Sec. Marine Fisheries, Aquaculture and Living Resources

Identifying unregulated fisheries seasonality through commercial landings and local fishers’ knowledge

  • Marine Science Department, College of Science, Kuwait University, Kuwait City, Kuwait

Seasonality in fisheries is known when opening and closing dates are established, but it is much less defined in places lacking seasonal regulations. Highlighting fisheries seasonality is critical because, for one, it can influence seafood supply and prices. Here, we examine fisheries seasonality by analyzing extensive datasets of monthly commercial landings and prices spanning over twenty years for 22 major finfish stocks in Kuwait, where seasonal closures are uncommon. Additionally, we develop a questionnaire to obtain information from the recreational fishery—the only fishing sector composed of local fishers—to investigate whether peak commercial landing months overlap with local fishers’ knowledge. We found a distinct seasonality in finfish commercial landings: at the two ends of the spectrum, the strongly winter-spring finfish landings (60% or more of landing proportions), which plummet sharply over warmer months, and the strongly summer-fall finfish landings. Landings influenced seasonal mean prices, with higher landings generally meant lower prices and vice versa. Further, we found that months identified by local fishers as being the “best fishing seasons” are consistent with months of peak landings for most stocks, though fishing seasons for a few stocks diverged widely from seasonality in commercial landings. Broadly, our analysis underscores high seasonality unrelated to seasonal regulations and supports combining commercial landings and local fishers’ knowledge to understand fishery and finfish seasonality, particularly in data-limited situations.

1 Introduction

Fisheries provide a crucial source of protein and micronutrients for numerous communities worldwide (Kawarazuka and Béné, 2010; FAO, 2020). Locally caught seafood is often preferred, but its supply can be seasonal due to various factors. One factor that clearly defines fishery seasonality is the regulatory initiatives that management agencies impose, including seasonal closures (Shen and Heino, 2014; Anderson et al., 2018; Ben-Hasan et al., 2019). Such a regulatory initiative specifies a start date aimed at reducing or preventing the capture of fish when they are too small (i.e., avoiding growth overfishing) and a closing date that generally aims at ensuring adequate spawners left that produce strong cohort for later years (i.e., avoiding recruitment overfishing).
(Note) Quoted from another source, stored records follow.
(* Let $U\in C^{3}(\mathbb{R}^{d})$ be a Morse function and $\boldsymbol{\ell}$ a $C^{1}$ vector field with $\nabla U\cdot\boldsymbol{\ell}\equiv0$. Let $\boldsymbol{\sigma}$ be a critical point of $U$ such that $\mathbb{H}^{\boldsymbol{\sigma}}=\nabla^{2}U(\boldsymbol{\sigma})$ has exactly one negative eigenvalue $-\lambda^{\boldsymbol{\sigma}}$, and let $-\mu^{\boldsymbol{\sigma}}$ denote the unique negative eigenvalue of $\mathbb{H}^{\boldsymbol{\sigma}}+\mathbb{L}^{\boldsymbol{\sigma}}$, where $\mathbb{L}^{\boldsymbol{\sigma}}=D\boldsymbol{\ell}(\boldsymbol{\sigma})$. Then $\mu^{\boldsymbol{\sigma}}\ge\lambda^{\boldsymbol{\sigma}}$, and consequently $\omega^{\boldsymbol{\sigma}}\ge\omega^{\boldsymbol{\sigma}}_{\mathrm{rev}}$, where $\omega^{\boldsymbol{\sigma}}=\frac{\mu^{\boldsymbol{\sigma}}}{2\pi\sqrt{-\det\mathbb{H}^{\boldsymbol{\sigma}}}}$ and $\omega^{\boldsymbol{\sigma}}_{\mathrm{rev}}=\frac{\lambda^{\boldsymbol{\sigma}}}{2\pi\sqrt{-\det\mathbb{H}^{\boldsymbol{\sigma}}}}$.
   Context: Under these hypotheses it is known that $\mathbb{H}^{\boldsymbol{\sigma}}+\mathbb{L}^{\boldsymbol{\sigma}}$ is invertible and has exactly one negative eigenvalue, so $\mu^{\boldsymbol{\sigma}}>0$ is well defined. *)

theory Defs
  imports "HOL-Analysis.Analysis"
begin

definition real_eigenvalue :: "real^'n^'n \<Rightarrow> real \<Rightarrow> bool" where
  "real_eigenvalue A c \<longleftrightarrow> (\<exists>v. v \<noteq> 0 \<and> A *v v = c *\<^sub>R v)"

text \<open>Number of negative eigenvalues counted with multiplicity (for a symmetric matrix):
  the dimension of the span of all eigenvectors with negative eigenvalue.\<close>
definition neg_eig_count :: "real^'n^'n \<Rightarrow> nat" where
  "neg_eig_count A = dim (span {v. \<exists>c<0. A *v v = c *\<^sub>R v})"

end

theory Submission
  imports Defs
begin

(* Differentiating gU x \<bullet> l x = 0 at the nondegenerate critical point \<sigma> gives l \<sigma> = 0 and
   (H *v h) \<bullet> (L *v h) = 0 for all h, where H = HU \<sigma> is symmetric and L = Dl \<sigma>. Since H has
   index one with negative eigenvector e, it is positive definite on the orthogonal complement of e.
   If (H + L) *v v = - \<mu> *\<^sub>R v and s = v \<bullet> (H *v v), skewness gives |H v|\<^sup>2 = - \<mu> s, while
   splitting v along e and its complement gives |H v|\<^sup>2 + \<lambda> s \<ge> 0; hence \<mu> \<ge> \<lambda>.
   The same splitting shows that the segment from the reflection in e to H consists of invertible
   matrices, so det H < 0 and the two rates compare as \<mu> and \<lambda> do. *)

lemma has_vector_derivative_along_line:
  assumes "(F has_derivative F') (at (p + s *\<^sub>R h))"
  shows "((\<lambda>t. F (p + t *\<^sub>R h)) has_vector_derivative F' h) (at s)"
proof -
  have "((\<lambda>t. p + t *\<^sub>R h) has_derivative (\<lambda>d. d *\<^sub>R h)) (at s)"
    by (auto intro!: derivative_eq_intros)
  from has_derivative_compose[OF this assms]
  have "((\<lambda>t. F (p + t *\<^sub>R h)) has_derivative (\<lambda>d. F' (d *\<^sub>R h))) (at s)" .
  moreover have "F' (d *\<^sub>R h) = d *\<^sub>R F' h" for d
    using assms has_derivative_linear linear_scale by blast
  ultimately show ?thesis
    by (simp add: has_vector_derivative_def)
qed

lemma has_real_derivative_along_line:
  fixes F :: "'a::real_normed_vector \<Rightarrow> real"
  assumes "(F has_derivative F') (at (p + s *\<^sub>R h))"
  shows "((\<lambda>t. F (p + t *\<^sub>R h)) has_real_derivative F' h) (at s)"
  using has_vector_derivative_along_line[OF assms]
  by (simp add: has_real_derivative_iff_has_vector_derivative)

lemma difference_quotient_tendsto:
  fixes g :: "real \<Rightarrow> 'a::real_normed_vector"
  assumes "(g has_vector_derivative g') (at 0)" and "g 0 = 0"
  shows "((\<lambda>t. g t /\<^sub>R t) \<longlongrightarrow> g') (at 0)"
proof -
  have "((\<lambda>t. norm (g t - g 0 - t *\<^sub>R g') / norm (t - 0)) \<longlongrightarrow> 0) (at 0)"
    using assms(1) unfolding has_vector_derivative_def has_derivative_iff_norm by auto
  moreover have "norm (g t - g 0 - t *\<^sub>R g') / norm (t - 0) = norm (g t /\<^sub>R t - g')"
    if "t \<noteq> 0" for t
  proof -
    have "g t /\<^sub>R t - g' = (1 / t) *\<^sub>R (g t - t *\<^sub>R g')"
      using that by (simp add: scaleR_diff_right inverse_eq_divide)
    then show ?thesis
      using assms(2) by (simp add: divide_simps)
  qed
  then have "\<forall>\<^sub>F t in at 0. norm (g t - g 0 - t *\<^sub>R g') / norm (t - 0) = norm (g t /\<^sub>R t - g')"
    by (auto simp: eventually_at_filter)
  ultimately have "((\<lambda>t. norm (g t /\<^sub>R t - g')) \<longlongrightarrow> 0) (at 0)"
    by (rule Lim_transform_eventually)
  then show ?thesis
    by (simp add: tendsto_norm_zero_iff LIM_zero_iff)
qed

lemma tendsto_quotient_along_line:
  assumes "(F has_derivative F') (at p)" and "F p = 0"
  shows "((\<lambda>t. F (p + t *\<^sub>R h) /\<^sub>R t) \<longlongrightarrow> F' h) (at 0)"
  using difference_quotient_tendsto[of "\<lambda>t. F (p + t *\<^sub>R h)"]
    has_vector_derivative_along_line[of F F' p 0 h] assms by simp

lemma orthogonal_field_vanishes_at_critical_point:
  fixes g l :: "real^'n \<Rightarrow> real^'n" and H :: "real^'n^'n"
  assumes g_deriv: "(g has_derivative (\<lambda>h. H *v h)) (at \<sigma>)" and "g \<sigma> = 0"
    and "continuous (at \<sigma>) l"
    and orth: "\<And>x. g x \<bullet> l x = 0"
    and H_sym: "\<And>h k. (H *v k) \<bullet> h = (H *v h) \<bullet> k"
    and H_inj: "\<And>x. H *v x = 0 \<Longrightarrow> x = 0"
  shows "l \<sigma> = 0"
proof -
  have "((\<lambda>t. (g (\<sigma> + t *\<^sub>R h) /\<^sub>R t) \<bullet> l (\<sigma> + t *\<^sub>R h)) \<longlongrightarrow> (H *v h) \<bullet> l \<sigma>) (at 0)" for h
  proof (intro tendsto_inner tendsto_quotient_along_line[OF g_deriv \<open>g \<sigma> = 0\<close>])
    have "((\<lambda>t. \<sigma> + t *\<^sub>R h) \<longlongrightarrow> \<sigma>) (at 0)"
      by (auto intro!: tendsto_eq_intros)
    then show "((\<lambda>t. l (\<sigma> + t *\<^sub>R h)) \<longlongrightarrow> l \<sigma>) (at 0)"
      using isCont_tendsto_compose[OF \<open>continuous (at \<sigma>) l\<close>] by blast
  qed
  then have "(H *v h) \<bullet> l \<sigma> = 0" for h
    by (simp add: orth tendsto_const_iff)
  then have "(H *v l \<sigma>) \<bullet> (H *v l \<sigma>) = 0"
    using H_sym by metis
  then show ?thesis
    using H_inj by simp
qed

lemma hessian_orthogonal_to_field_derivative:
  fixes g l :: "real^'n \<Rightarrow> real^'n" and H L :: "real^'n^'n"
  assumes g_deriv: "(g has_derivative (\<lambda>h. H *v h)) (at \<sigma>)" and "g \<sigma> = 0"
    and l_deriv: "(l has_derivative (\<lambda>h. L *v h)) (at \<sigma>)" and "l \<sigma> = 0"
    and orth: "\<And>x. g x \<bullet> l x = 0"
  shows "(H *v h) \<bullet> (L *v h) = 0"
proof -
  have "((\<lambda>t. (g (\<sigma> + t *\<^sub>R h) /\<^sub>R t) \<bullet> (l (\<sigma> + t *\<^sub>R h) /\<^sub>R t)) \<longlongrightarrow> (H *v h) \<bullet> (L *v h)) (at 0)"
    by (intro tendsto_inner tendsto_quotient_along_line assms)
  then show ?thesis
    by (simp add: orth tendsto_const_iff)
qed

lemma second_difference_mean_value:
  fixes U :: "real^'n \<Rightarrow> real" and gU :: "real^'n \<Rightarrow> real^'n" and HU :: "real^'n \<Rightarrow> real^'n^'n"
  assumes U_grad: "\<And>x. (U has_derivative (\<lambda>h. gU x \<bullet> h)) (at x)"
    and U_hess: "\<And>x. (gU has_derivative (\<lambda>h. HU x *v h)) (at x)"
    and "t > 0"
  obtains y where "norm (y - x) \<le> t * (norm h + norm k)"
    and "U (x + t *\<^sub>R h + t *\<^sub>R k) - U (x + t *\<^sub>R h) - U (x + t *\<^sub>R k) + U x
           = t\<^sup>2 * ((HU y *v k) \<bullet> h)"
proof -
  define \<phi> where "\<phi> s = U (x + t *\<^sub>R k + s *\<^sub>R h) - U (x + s *\<^sub>R h)" for s
  have "(\<phi> has_real_derivative gU (x + t *\<^sub>R k + s *\<^sub>R h) \<bullet> h - gU (x + s *\<^sub>R h) \<bullet> h) (at s)" for s
    unfolding \<phi>_def by (intro DERIV_diff has_real_derivative_along_line U_grad)
  then obtain s where s: "0 < s" "s < t"
    and \<phi>: "\<phi> t - \<phi> 0 = t * (gU (x + t *\<^sub>R k + s *\<^sub>R h) \<bullet> h - gU (x + s *\<^sub>R h) \<bullet> h)"
    using MVT2[OF \<open>t > 0\<close>, of \<phi> "\<lambda>s. gU (x + t *\<^sub>R k + s *\<^sub>R h) \<bullet> h - gU (x + s *\<^sub>R h) \<bullet> h"]
    by auto
  define \<psi> where "\<psi> r = gU (x + s *\<^sub>R h + r *\<^sub>R k) \<bullet> h" for r
  have "(\<psi> has_real_derivative (HU (x + s *\<^sub>R h + r *\<^sub>R k) *v k) \<bullet> h) (at r)" for r
    unfolding \<psi>_def by (intro has_real_derivative_along_line has_derivative_inner_left U_hess)
  then obtain r where r: "0 < r" "r < t"
    and \<psi>: "\<psi> t - \<psi> 0 = t * ((HU (x + s *\<^sub>R h + r *\<^sub>R k) *v k) \<bullet> h)"
    using MVT2[OF \<open>t > 0\<close>, of \<psi> "\<lambda>r. (HU (x + s *\<^sub>R h + r *\<^sub>R k) *v k) \<bullet> h"]
    by auto
  show ?thesis
  proof
    have "norm (s *\<^sub>R h + r *\<^sub>R k) \<le> s * norm h + r * norm k"
      using s r by (metis abs_of_pos norm_scaleR norm_triangle_ineq)
    also have "\<dots> \<le> t * (norm h + norm k)"
      using s r by (simp add: distrib_left add_mono mult_right_mono)
    finally show "norm (x + s *\<^sub>R h + r *\<^sub>R k - x) \<le> t * (norm h + norm k)"
      by (simp add: add.assoc)
    have "\<psi> t - \<psi> 0 = gU (x + t *\<^sub>R k + s *\<^sub>R h) \<bullet> h - gU (x + s *\<^sub>R h) \<bullet> h"
      unfolding \<psi>_def by (simp add: add_ac)
    with \<phi> \<psi> have "\<phi> t - \<phi> 0 = t\<^sup>2 * ((HU (x + s *\<^sub>R h + r *\<^sub>R k) *v k) \<bullet> h)"
      by (simp add: power2_eq_square)
    then show "U (x + t *\<^sub>R h + t *\<^sub>R k) - U (x + t *\<^sub>R h) - U (x + t *\<^sub>R k) + U x
           = t\<^sup>2 * ((HU (x + s *\<^sub>R h + r *\<^sub>R k) *v k) \<bullet> h)"
      unfolding \<phi>_def by (simp add: add_ac)
  qed
qed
Consequently, fish landings only occur in specific months of the year (Walters and Martell, 2004; Ben-Hasan et al., 2019). On the other hand, in the absence of temporal management interventions, seasonality in landings and prices may be driven by, for example, seasonal migrations or dispersal patterns of exploited species, which affects the seasonal catchability/availability of fish (Arnold and Metcalfe, 1996; Queiroz et al., 2016; Feeley et al., 2018; Perez et al., 2019). For example, many fish species spend part of their life in the juvenile nearshore area (e.g., coral reefs, estuaries, and mangroves), where they are generally not vulnerable to fishing gears, then migrate to a separate offshore adult area, where their area overlap with fishing grounds (Longhurst and Pauly, 1987; Aguilar-Perera and Appeldoorn, 2008). Underscoring the “natural” interannual changes in fisheries seasonality is critical because it can influence seafood supply and prices and help inform data collection designs of seasonal fish.

Local fishers’ knowledge plays a crucial role in understanding fish population dynamics and seasonal variability in behavior, catch, and abundance of exploited species (Johannes et al., 2008; Silvano and Valbo-Jørgensen, 2008; Martins et al., 2018; Pita et al., 2020; Bastari et al., 2022; Obregón et al., 2022). In many aquatic ecosystems, studies showed that this knowledge is often consistent and complements other sources of information (e.g., quantitative data), provides new insights or updates previous conclusions, and is relatively cheap, accessible, and quick to gather (Johannes et al., 2008; Monkman et al., 2018; Lopes et al., 2019; Bastari et al., 2022; Obregón et al., 2022; Boubekri et al., 2023; Daliri et al., 2023). For example, an assessment of changes in the sizes of blue swimmer crabs in two estuaries off south-western Australia—Peel-Harvey and Swan-Canning—used the knowledge of local recreational fishers, which indicated that crabs were much smaller in Peel-Harvey; this finding was in line with both historical records (e.g., newspapers) and conventional quantitative data on the size of crabs (Obregón et al., 2022). Further, including local fishers’ knowledge to investigate the seasonality of fishing for baitfish predators in the Solomon Islands helped in correcting their contribution to artisanal catch to 54% of the total catch, which has been grossly underestimated in previous research to be around 1% (Johannes et al., 2008). Therefore, the incorporation of knowledge from local fishers in research studies and policy-making has proven to be valuable, especially where relevant data are limited (Neis et al., 1999; Johannes et al., 2008; Bastari et al., 2022; Castello et al., 2024).

In this paper, we examine Kuwait finfish fisheries as a case study to underscore unregulated seasonality in fisheries for several reasons. First, most exploited finfish stocks lack seasonal closures imposed by the management agency. While it is perceived that landings and prices for some finfish stocks are highly seasonal—e.g., seafood supply of some seabream and croaker species increase during colder months but plummet sharply in the summer season—a clear understanding of seasonality in fisheries has not been established for most finfish stocks. Second, the availability of twenty-year datasets of landings and prices, which are reported every month for 22 finfish stocks. Finally, the possibility of highlighting and comparing seasonality from two different sources: (i) commercial landings obtained from artisanal and industrial sectors that are composed of foreign fishers, and (ii) local knowledge that is concentrated within the recreational sector.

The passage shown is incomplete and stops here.